**Your assignment:** Output the data below line for line, exactly, up to and including the line where "matrix of the" appears.

**Data shown:**
text \<open>The pinching kills the off-diagonal blocks, so \<open>(\<Xi> \<otimes> \<Psi>)(X)\<close> is the block-diagonal
  matrix of the \<open>\<Psi>(X\<^sub>i\<^sub>i)\<close>. The diagonal blocks of a density matrix are positive
  semidefinite with traces \<open>a\<^sub>i\<close> forming a probability vector, hence \<open>X\<^sub>i\<^sub>i = a\<^sub>i Y\<^sub>i\<close> with
  density matrices \<open>Y\<^sub>i\<close> (a positive semidefinite block of trace 0 vanishes). Conversely
  \<open>a\<^sub>1 Y\<^sub>1 \<oplus> \<dots> \<oplus> a\<^sub>l Y\<^sub>l\<close> is a density matrix with these diagonal blocks, and linearity of
  \<open>\<Psi>\<close> turns \<open>\<Psi>(a\<^sub>i Y\<^sub>i)\<close> into \<open>a\<^sub>i \<Psi>(Y\<^sub>i)\<close>.\<close>

lemma sum_lessThan_mult_blocks:
  fixes f :: "nat \<Rightarrow> 'a::comm_monoid_add"
  shows "(\<Sum>p<l*n. f p) = (\<Sum>i<l. \<Sum>r<n. f (i*n + r))"
proof -
  have "(\<Sum>p<l*n. f p) = (\<Sum>i<l. \<Sum>p\<in>{i*n..<i*n+n}. f p)"
    by (rule sum.nat_group[symmetric])
  then show ?thesis
    by (simp add: sum.atLeastLessThan_shift_0 atLeast0LessThan)
qed

lemma quadratic_form_supported:
  assumes "S \<subseteq> {..<n}" and "\<And>p. p \<notin> S \<Longrightarrow> v p = 0"
  shows "(\<Sum>p<n. \<Sum>q<n. cnj (v p) * A $$ (p,q) * v q) =
    (\<Sum>p\<in>S. \<Sum>q\<in>S. cnj (v p) * A $$ (p,q) * v q)"
proof -
  have "(\<Sum>p<n. \<Sum>q<n. cnj (v p) * A $$ (p,q) * v q) =
      (\<Sum>p\<in>S. \<Sum>q<n. cnj (v p) * A $$ (p,q) * v q)"
    using assms by (intro sum.mono_neutral_right) auto
  also have "\<dots> = (\<Sum>p\<in>S. \<Sum>q\<in>S. cnj (v p) * A $$ (p,q) * v q)"
    using assms by (intro sum.cong refl sum.mono_neutral_right) auto
  finally show ?thesis .
qed

lemma psd_carrier: "psd n A \<Longrightarrow> A \<in> carrier_mat n n"
  by (simp add: psd_def)

lemma density_mats_carrier: "A \<in> density_mats n \<Longrightarrow> A \<in> carrier_mat n n"
  by (simp add: density_mats_def psd_carrier)

lemma psd_quadratic_form_nonneg:
  "psd n A \<Longrightarrow> (\<Sum>i<n. \<Sum>j<n. cnj (v i) * A $$ (i,j) * v j) \<ge> 0"
  by (simp add: psd_def)

lemma psd_diag_nonneg:
  assumes "psd n A" and "i < n"
  shows "A $$ (i,i) \<ge> 0"
proof -
  let ?v = "\<lambda>p. if p = i then 1 else (0::complex)"
  have "(\<Sum>p<n. \<Sum>q<n. cnj (?v p) * A $$ (p,q) * ?v q) = A $$ (i,i)"
    using assms(2) by (subst quadratic_form_supported[of "{i}"]) auto
  then show ?thesis
    using psd_quadratic_form_nonneg[OF assms(1), of ?v] by simp
qed

lemma psd_offdiag_eq_0:
  assumes A: "psd n A" and "i < n" "j < n" and "A $$ (i,i) = 0" "A $$ (j,j) = 0"
  shows "A $$ (i,j) = 0"
proof (cases "i = j")
  case True
  then show ?thesis using assms by simp
next
  case False
  have form: "0 \<le> cnj s * A $$ (i,j) + A $$ (j,i) * s" for s
  proof -
    let ?v = "\<lambda>p. if p = i then s else if p = j then 1 else (0::complex)"
    have "(\<Sum>p<n. \<Sum>q<n. cnj (?v p) * A $$ (p,q) * ?v q) = cnj s * A $$ (i,j) + A $$ (j,i) * s"
      using assms False by (subst quadratic_form_supported[of "{i,j}"]) auto
    then show ?thesis
      using psd_quadratic_form_nonneg[OF A, of ?v] by simp
  qed
  \<comment> \<open>Testing the quadratic form with s = 1, -1, i, -i forces both
    A(i,j) + A(j,i) and A(i,j) - A(j,i) to vanish.\<close>
  have "A $$ (i,j) + A $$ (j,i) = 0"
    using form[of 1] form[of "-1"] by (simp add: less_eq_complex_def complex_eq_iff)
  moreover have "A $$ (i,j) - A $$ (j,i) = 0"
    using form[of \<i>] form[of "-\<i>"] by (simp add: less_eq_complex_def complex_eq_iff algebra_simps)
  ultimately show ?thesis by (simp add: algebra_simps)
qed

lemma psd_eq_0_if_mtrace_eq_0:
  assumes A: "psd n A" and "mtrace A = 0"
  shows "A = 0\<^sub>m n n"
proof -
  have dim: "A \<in> carrier_mat n n" using psd_carrier[OF A] .
  have diag: "A $$ (r,r) = 0" if "r < n" for r
    using assms dim that psd_diag_nonneg[OF A] sum_nonneg_eq_0_iff[of "{..<n}" "\<lambda>r. A $$ (r,r)"]
    by (auto simp: mtrace_def)
  show ?thesis
    using dim by (intro eq_matI) (auto simp: diag psd_offdiag_eq_0[OF A])
qed

lemma psd_smult:
  assumes "psd n A" and "c \<ge> 0"
  shows "psd n (c \<cdot>\<^sub>m A)"
  unfolding psd_def
proof (intro conjI allI)
  have dim: "A \<in> carrier_mat n n" using psd_carrier[OF assms(1)] .
  then show "c \<cdot>\<^sub>m A \<in> carrier_mat n n" by simp
  fix v :: "nat \<Rightarrow> complex"
  have "(\<Sum>i<n. \<Sum>j<n. cnj (v i) * (c \<cdot>\<^sub>m A) $$ (i,j) * v j) =
      c * (\<Sum>i<n. \<Sum>j<n. cnj (v i) * A $$ (i,j) * v j)"
    using dim by (simp add: sum_distrib_left algebra_simps)
  also have "\<dots> \<ge> 0"
    using assms by (intro mult_nonneg_nonneg psd_quadratic_form_nonneg)
  finally show "0 \<le> (\<Sum>i<n. \<Sum>j<n. cnj (v i) * (c \<cdot>\<^sub>m A) $$ (i,j) * v j)" .
qed

lemma mtrace_smult: "A \<in> carrier_mat n n \<Longrightarrow> mtrace (c \<cdot>\<^sub>m A) = c * mtrace A"
  by (simp add: mtrace_def sum_distrib_left)

lemma block_carrier [simp]: "block n X i j \<in> carrier_mat n n"
  by (simp add: block_def)

lemma mtrace_eq_sum_mtrace_blocks:
  "X \<in> carrier_mat (l*n) (l*n) \<Longrightarrow> mtrace X = (\<Sum>i<l. mtrace (block n X i i))"
  by (simp add: mtrace_def block_def sum_lessThan_mult_blocks)

lemma psd_block:
  assumes X: "psd (l*n) X" and "i < l"
  shows "psd n (block n X i i)"
  unfolding psd_def
proof (intro conjI allI)
  show "block n X i i \<in> carrier_mat n n" by simp
  fix v :: "nat \<Rightarrow> complex"
  define w where "w p = (if p \<in> {i*n..<i*n+n} then v (p - i*n) else 0)" for p
  have "i*n + n \<le> l*n"
    using \<open>i < l\<close> mult_le_mono1[of "Suc i" l n] by simp
  then have "(\<Sum>p<l*n. \<Sum>q<l*n. cnj (w p) * X $$ (p,q) * w q) =
      (\<Sum>p\<in>{i*n..<i*n+n}. \<Sum>q\<in>{i*n..<i*n+n}. cnj (w p) * X $$ (p,q) * w q)"
    by (intro quadratic_form_supported) (auto simp: w_def)
  also have "\<dots> = (\<Sum>r<n. \<Sum>c<n. cnj (v r) * block n X i i $$ (r,c) * v c)"
    by (simp add: sum.atLeastLessThan_shift_0 atLeast0LessThan w_def block_def)
  finally show "0 \<le> (\<Sum>r<n. \<Sum>c<n. cnj (v r) * block n X i i $$ (r,c) * v c)"
    using psd_quadratic_form_nonneg[OF X, of w] by simp
qed

lemma block_diag_index:
  assumes "i < l" "j < l" "r < n" "c < n"
  shows "block_diag l n C $$ (i*n + r, j*n + c) = (if i = j then C i $$ (r,c) else 0)"
proof -
  have "i*n + r < l*n" "j*n + c < l*n"
    using assms mult_le_mono1[of "Suc i" l n] mult_le_mono1[of "Suc j" l n] by simp_all
  then show ?thesis
    using assms by (simp add: block_diag_def)
qed

lemma block_diag_cong:
  assumes "\<And>i. i < l \<Longrightarrow> C i = D i"
  shows "block_diag l n C = block_diag l n D"
proof -
  have "r div n < l" if "r < l*n" for r
    using that by (simp add: less_mult_imp_div_less)
  then show ?thesis
    unfolding block_diag_def using assms by (intro cong_mat refl) auto
qed

lemma block_block_diag:
  assumes "i < l" and "C i \<in> carrier_mat n n"
  shows "block n (block_diag l n C) i i = C i"
  using assms by (intro eq_matI) (auto simp: block_def block_diag_index)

**Written solution:**
text \<open>The pinching kills the off-diagonal blocks, so \<open>(\<Xi> \<otimes> \<Psi>)(X)\<close> is the block-diagonal
  matrix of the \<open>\<Psi>(X\<^sub>i\<^sub>i)\<close>. The diagonal blocks of a density matrix are positive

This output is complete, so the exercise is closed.